28. 放蕩者は愛を知る
陸路では三日掛かったヴェルミへの道も、空路であれば半日とかからなかった──のは、ウィルヘルムが髪の魔力を使ってまで、ルミナに無理をさせたからかもしれない。
ともかく、数時間後には、ウィルヘルムは王城のど真ん中、建物に囲まれるように存在する中庭へと降り立っていた。空からの突然の闖入者に辺りは騒然となり、ウィルヘルムはそれを気にせず王城の奥へと進んだ。
ウィルヘルムは己の上着と『目隠しの魔法』でアーシャの姿を隠していたが、それでも、ウィルヘルムの纏う空気の異様さは、見るだけで周りに伝わったのだろう。ウィルヘルムはすべてを押しのけるように早足で歩いたし、誰も二人の道を遮らなかった。だからウィルヘルムは、さほど苦労せずそこにたどり着くことが出来た。
王女の──第一王女・エリシアの部屋。ウィルヘルムは扉の前に立つ警備兵を一瞥で制し、乱暴にその扉を蹴り開けた。
「……!? 何者、……アーシャ!?」
中に居たのは、エリシアとアルデン、そして数名の侍女だった。
ウィルヘルムは、アーシャを隠していた魔法を解除する。現れたアーシャの姿を見たエリシアが、愕然とした声で叫ぶ。
「……守護が……!? どうして……!」
エリシアがアーシャに駆け寄ってきて、その皺だらけの手に手を重ねる。それを見下ろし、ウィルヘルムは「俺が知るか」と吐き捨てた。今はそんなことはどうでもいいのだ。ウィルヘルムは視線をエリシアから外した。
「そんなことより──はやく、そこのお前だ、早く来い!!」
アルデンを見て、喚くように言う。アルデンが動かないのを見て、ウィルヘルムは畳み掛けた。

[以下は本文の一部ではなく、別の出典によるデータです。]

theorem rc_rigidity_kron_list_le:
  fixes Ms :: "'a::field mat list"
  assumes len: "length Ms = n" and Ms: "\<forall>A\<in>set Ms. A \<in> carrier_mat 2 2"
  shows "rc_rigidity (kron_list Ms) (4 * binom_lt n k) \<le> (binom_le (n - k) (int n - 2 * int k))\<^sup>2"
proof -
  obtain p q a c
    where pq: "\<And>i r s. r < 2 \<Longrightarrow> s < 2 \<Longrightarrow>
        (rev Ms ! i) $$ (r, s) = (\<Sum>b::nat<2. p i r b * q i b s)"
      and p: "\<And>i r. r < 2 \<Longrightarrow> p i r 1 \<noteq> 0 \<Longrightarrow> (r = 1) \<noteq> a i"
      and q: "\<And>i s. s < 2 \<Longrightarrow> q i 1 s \<noteq> 0 \<Longrightarrow> (s = 1) \<noteq> c i"
    by (rule two_by_two_factorizations[of "\<lambda>i r s. (rev Ms ! i) $$ (r, s)"]) blast
  define P where "P x t = (\<Prod>i<n. p i (of_bool (bit x i)) (of_bool (bit t i)))" for x t :: nat
  define Q where "Q t y = (\<Prod>i<n. q i (of_bool (bit t i)) (of_bool (bit y i)))" for t y :: nat
  show ?thesis
  proof (rule rc_rigidity_le_of_disjoint_factorization[where P = P and Q = Q
        and a = a and b = "\<lambda>_. True" and c = c])
    show "kron_list Ms \<in> carrier_mat (2 ^ n) (2 ^ n)"
      using kron_list_carrier[OF Ms] len by simp
  next
    fix x y :: nat assume "x < 2 ^ n" and "y < 2 ^ n"
    then have "kron_list Ms $$ (x, y)
        = (\<Prod>i<n. (rev Ms ! i) $$ (of_bool (bit x i), of_bool (bit y i)))"
      by (rule kron_list_entry[OF Ms, unfolded len])
    also have "\<dots> = (\<Prod>i<n. \<Sum>b<2. p i (of_bool (bit x i)) b * q i b (of_bool (bit y i)))"
      by (simp only: pq[OF of_bool_less_2 of_bool_less_2])
    also have "\<dots> = (\<Sum>t<2 ^ n. P x t * Q t y)"
      by (simp only: prod_sum_2_eq_sum_bits P_def Q_def prod.distrib)
    finally show "kron_list Ms $$ (x, y) = (\<Sum>t<2 ^ n. P x t * Q t y)" .
  next
    fix x t assume "P x t \<noteq> 0"
    then have nz: "p i (of_bool (bit x i)) (of_bool (bit t i)) \<noteq> 0" if "i < n" for i
      using that unfolding P_def prod_zero_iff[OF finite_lessThan] by blast
    show "agree_set n a x \<inter> agree_set n (\<lambda>_. True) t = {}"
    proof (rule ccontr)
      assume "agree_set n a x \<inter> agree_set n (\<lambda>_. True) t \<noteq> {}"
      then obtain i where "i < n" "bit x i = a i" "bit t i" by (auto simp: agree_set_def)
      then show False using nz[of i] p[of "of_bool (bit x i)" i] by (cases "a i") auto
    qed
  next
    fix t y assume "Q t y \<noteq> 0"
    then have nz: "q i (of_bool (bit t i)) (of_bool (bit y i)) \<noteq> 0" if "i < n" for i
      using that unfolding Q_def prod_zero_iff[OF finite_lessThan] by blast
    show "agree_set n (\<lambda>_. True) t \<inter> agree_set n c y = {}"
    proof (rule ccontr)
      assume "agree_set n (\<lambda>_. True) t \<inter> agree_set n c y \<noteq> {}"
      then obtain i where "i < n" "bit y i = c i" "bit t i" by (auto simp: agree_set_def)
      then show False using nz[of i] q[of "of_bool (bit y i)" i] by (cases "c i") auto
    qed
  qed
qed

theorem mainTheorem13:
  fixes n k :: nat and M :: "'a::field mat"
  assumes "1 \<le> n" and "1 \<le> k" and "k \<le> n"
    and "(\<exists>f :: nat \<Rightarrow> 'a. M = V_mat n f) \<or>
         (\<exists>Ms. length Ms = n \<and> (\<forall>A\<in>set Ms. A \<in> carrier_mat 2 2) \<and> M = kron_list Ms)"
  shows "rc_rigidity M (4 * binom_lt n k) \<le> (binom_le (n - k) (int n - 2 * int k))\<^sup>2"
  using assms(4) rc_rigidity_V_mat_le rc_rigidity_kron_list_le by blast

end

「何やってるんだ!? はやく……くそ、王女様、魔法オタクのあんたなら、解呪の方法は知ってるんだろ!? そいつに命令しろ、早く!!」
「……『真実の愛』」
「それだ!!」
アーシャを見下ろしたまま、途方に暮れたようにエリシアは言った。そうだ、わかっているじゃないか、どうして誰も動かないんだ? ウィルヘルムはひどく腹立たしくなった。アーシャは今このときも衰弱し続けている。『十八歳までに』というのがセレスティアのかけた呪いの条件らしかったが、この身体で、とてもそこまで持つとは思えなかった。苛立ちのまま、吐き捨てるように言う。
「俺じゃだめだ。だから──くそ、急げって言ってるのが聞こえないのか!?」
「……残念ながら」
アルデンは苦悩するように眉を寄せた。できるのならとっくにやっている、という顔だった。

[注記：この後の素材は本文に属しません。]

(* Let $\mathbb{F}$ be an algebraically closed field (of any characteristic) and let $(\mathcal{O},*,n)$ be the Okubo algebra over $\mathbb{F}$. Let $f\in\mathcal{O}$ be an idempotent, $f*f=f\neq 0$, and define the product $x\cdot y=(f*x)*(y*f)$ on $\mathcal{O}$. Then the linear map \[ \tau:\mathcal{O}\to\mathcal{O},\qquad \tau(x)=f*(f*x), \] is an automorphism of order $3$ of both algebras $(\mathcal{O},* )$ and $(\mathcal{O},\cdot)$ (and it preserves $n$). Moreover, the subalgebra of elements fixed by $\tau$ coincides with the centralizer $\{x\in\mathcal{O}: x*f=f*x\}$ of $f$ in $(\mathcal{O},* )$.
   Context: The Okubo algebra over a field $\mathbb{F}$ is the $8$-dimensional vector space $\mathcal{O}$ with basis $\{x_a: a\in\mathbb{Z}_3^2,\ a\neq(0,0)\}$ and multiplication defined on basis elements as follows: for $a=(i,j)$, $b=(k,l)$, let $\Delta=il-jk\in\mathbb{Z}_3$; if $a+b=(0,0)$ then $x_a*x_b=0$; otherwise $x_a*x_b=x_{a+b}$ if $\Delta=0$, $x_a*x_b=0$ if $\Delta=1$, and $x_a*x_b=-x_{a+b}$ if $\Delta=2$. It carries the quadratic form $n$ with $n(x_a)=0$ for all $a$ and polar form $n(x,y)=n(x+y)-n(x)-n(y)$ given by $n(x_a,x_b)=1$ if $a+b=0$ and $0$ otherwise. (In characteristic $\neq3$ this algebra is isomorphic to $\mathfrak{sl}_3(\mathbb{F})$ with $x*y=\omega xy-\omega^2yx-\frac{\omega-\omega^2}{3}\mathrm{tr}(xy)1$, $\omega$ a primitive cube root of $1$.) The algebra satisfies $n(x*y)=n(x)n(y)$, $n(x*y,z)=n(x,y*z)$ and $(x*y)*x=x*(y*x)=n(x)y$ for all $x,y,z$. *)

theory Defs
  imports "HOL-Library.Numeral_Type" "HOL-Computational_Algebra.Polynomial"
begin

definition alg_closed :: "'a::field itself \<Rightarrow> bool" where
  "alg_closed _ \<longleftrightarrow> (\<forall>p :: 'a poly. degree p \<ge> 1 \<longrightarrow> (\<exists>x. poly p x = 0))"

text \<open>Elements of the Okubo algebra are coordinate functions on Z_3^2 vanishing at (0,0);
  the coordinate at a is the coefficient of the basis vector x_a.\<close>
type_synonym idx = "3 \<times> 3"

definition iadd :: "idx \<Rightarrow> idx \<Rightarrow> idx" where
  "iadd a b = (fst a + fst b, snd a + snd b)"

definition ineg :: "idx \<Rightarrow> idx" where
  "ineg a = (- fst a, - snd a)"

definition okubo :: "(idx \<Rightarrow> 'a::field) set" where
  "okubo = {x. x (0, 0) = 0}"

text \<open>Structure constant: x_a * x_b = okubo_coef a b * x_{a+b}.\<close>
definition okubo_coef :: "idx \<Rightarrow> idx \<Rightarrow> 'a::field" where
  "okubo_coef a b =
     (let \<Delta> = fst a * snd b - snd a * fst b in
      if a = (0, 0) \<or> b = (0, 0) \<or> iadd a b = (0, 0) then 0
      else if \<Delta> = 0 then 1 else if \<Delta> = 1 then 0 else -1)"

definition okubo_mult :: "(idx \<Rightarrow> 'a::field) \<Rightarrow> (idx \<Rightarrow> 'a) \<Rightarrow> (idx \<Rightarrow> 'a)" (infixl "\<star>" 70) where
  "x \<star> y = (\<lambda>c. \<Sum>a\<in>UNIV. \<Sum>b\<in>UNIV. if iadd a b = c then okubo_coef a b * x a * y b else 0)"

text \<open>Quadratic norm: n(x_a)=0, polar form n(x_a,x_b)=1 iff a+b=0. One representative
  of each pair {a,-a}, a \<noteq> 0.\<close>
definition okubo_norm :: "(idx \<Rightarrow> 'a::field) \<Rightarrow> 'a" where
  "okubo_norm x = (\<Sum>a\<in>{(1,0),(0,1),(1,1),(1,2)}. x a * x (ineg a))"

definition vadd :: "(idx \<Rightarrow> 'a::field) \<Rightarrow> (idx \<Rightarrow> 'a) \<Rightarrow> (idx \<Rightarrow> 'a)" where
  "vadd x y = (\<lambda>i. x i + y i)"

definition vscale :: "'a::field \<Rightarrow> (idx \<Rightarrow> 'a) \<Rightarrow> (idx \<Rightarrow> 'a)" where
  "vscale c x = (\<lambda>i. c * x i)"

end

theory Submission
  imports Defs
begin

text \<open>
  The Okubo algebra satisfies \<open>(x \<star> y) \<star> x = x \<star> (y \<star> x) = n(x) y\<close>; linearizing in \<open>x\<close> and
  specializing to the idempotent \<open>f\<close> (which has \<open>n(f) = 1\<close>) gives
  \<open>\<tau> z = n(f,z) f - z \<star> f\<close>, \<open>(z \<star> f) \<star> f = n(f,z) f - f \<star> z\<close> and \<open>f \<star> \<tau> z = n(f,z) f - z\<close>.
  Applying the last formula twice yields \<open>\<tau>\<^sup>3 = id\<close>, and expanding \<open>\<tau> x \<star> \<tau> y\<close> with the
  first two and the linearized identity yields \<open>\<tau> (x \<star> y) = \<tau> x \<star> \<tau> y\<close>. Since
  \<open>f \<star> (y \<star> f) = (f \<star> y) \<star> f = y\<close>, the fixed points \<open>f \<star> (f \<star> x) = x\<close> of \<open>\<tau>\<close> are exactly the
  elements commuting with \<open>f\<close>.
\<close>

lemma UNIV_3: "(UNIV :: 3 set) = {0, 1, 2}"
proof -
  have "x = 0 \<or> x = 1 \<or> x = 2" for x :: 3
  proof (cases x)
    case (of_int z)
    then have "z = 0 \<or> z = 1 \<or> z = 2" by auto
    then show ?thesis using of_int by auto
  qed
  then show ?thesis by auto
qed

lemma UNIV_idx: "(UNIV :: idx set) = {0, 1, 2} \<times> {0, 1, 2}"
  by (metis UNIV_3 UNIV_Times_UNIV)

lemma idx_fun_eq_iff:
  "(x :: idx \<Rightarrow> 'b) = y \<longleftrightarrow>
     x (0,0) = y (0,0) \<and> x (0,1) = y (0,1) \<and> x (0,2) = y (0,2) \<and>
     x (1,0) = y (1,0) \<and> x (1,1) = y (1,1) \<and> x (1,2) = y (1,2) \<and>
     x (2,0) = y (2,0) \<and> x (2,1) = y (2,1) \<and> x (2,2) = y (2,2)"
  (is "_ \<longleftrightarrow> ?coords")
proof
  assume ?coords
  show "x = y"
  proof
    fix c :: idx
    have "c \<in> {0, 1, 2} \<times> {0, 1, 2}" using UNIV_idx by blast
    then show "x c = y c" using \<open>?coords\<close> by auto
  qed
qed simp

lemma uminus_3_simps [simp]: "- (1 :: 3) = 2" "- (2 :: 3) = 1"
  by simp_all

lemma okubo_mult_apply:
  "(x \<star> y) c = (\<Sum>a\<in>UNIV. okubo_coef a (fst c - fst a, snd c - snd a) * x a * y (fst c - fst a, snd c - snd a))"
proof -
  have "(iadd a b = c) = (b = (fst c - fst a, snd c - snd a))" for a b
    by (auto simp: iadd_def prod_eq_iff algebra_simps)
  then show ?thesis
    unfolding okubo_mult_def by (simp add: if_distrib cong: if_cong)
qed

lemma okubo_mult_coords:
  shows "(x \<star> y) (0,0) = 0"
  and "(x \<star> y) (0,1) = x (0,2) * y (0,2) - x (2,0) * y (1,1) - x (2,1) * y (1,0) - x (2,2) * y (1,2)"
  and "(x \<star> y) (0,2) = x (0,1) * y (0,1) - x (1,0) * y (2,2) - x (1,1) * y (2,1) - x (1,2) * y (2,0)"
  and "(x \<star> y) (1,0) = - x (0,1) * y (1,2) - x (1,1) * y (0,2) + x (2,0) * y (2,0) - x (2,1) * y (2,2)"
  and "(x \<star> y) (1,1) = - x (0,1) * y (1,0) - x (1,2) * y (0,2) - x (2,0) * y (2,1) + x (2,2) * y (2,2)"
  and "(x \<star> y) (1,2) = - x (0,1) * y (1,1) - x (1,0) * y (0,2) + x (2,1) * y (2,1) - x (2,2) * y (2,0)"
  and "(x \<star> y) (2,0) = - x (0,2) * y (2,1) + x (1,0) * y (1,0) - x (1,2) * y (1,1) - x (2,2) * y (0,1)"
  and "(x \<star> y) (2,1) = - x (0,2) * y (2,2) - x (1,1) * y (1,0) + x (1,2) * y (1,2) - x (2,0) * y (0,1)"
  and "(x \<star> y) (2,2) = - x (0,2) * y (2,0) - x (1,0) * y (1,2) + x (1,1) * y (1,1) - x (2,1) * y (0,1)"
  by (simp_all add: okubo_mult_apply UNIV_idx okubo_coef_def iadd_def Let_def)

「『真実の愛』……それが条件だというのなら、私では、アーシャ殿下の呪いを解くことは出来ない。私が愛しているのは別のお方です」
「……役に立たないな!!」
ウィルヘルムは盛大に舌打ちをした。アーシャの言っていたこと──アルデンとエリシアは相思相愛である、という話は事実だったのか。仕方ない、と再びエリシアを見る。
「じゃあ他に誰か……そうだ、『真実の愛』は別に色恋じゃなくたっていいって説もある。なんならあんたが試してみたって」
「駄目ですわ。……他の呪いはいざ知らず……セレスティア様の話をお聞きになったでしょう?」
ウィルヘルムの答えを待たずに、エリシアは言う。
「わかるでしょう? セレスティア様の呪いは、王子が婚約者を裏切ったことに端を発するものです。故に、セレスティア様が求める『真実の愛』は、恋愛のそれに限定されている。残念ながら、親愛では満たされないのです。そもそも、……そんなもので満たされるなら、とっくに解除している! 当たり前でしょう!?」
エリシアはウィルヘルムを睨みつけた。言われてみればその通りだった。アーシャが、肉親に愛されていないはずがない。馬鹿なことを言った、と自分で自分が嫌になる。ウィルヘルムはあたりを見回した。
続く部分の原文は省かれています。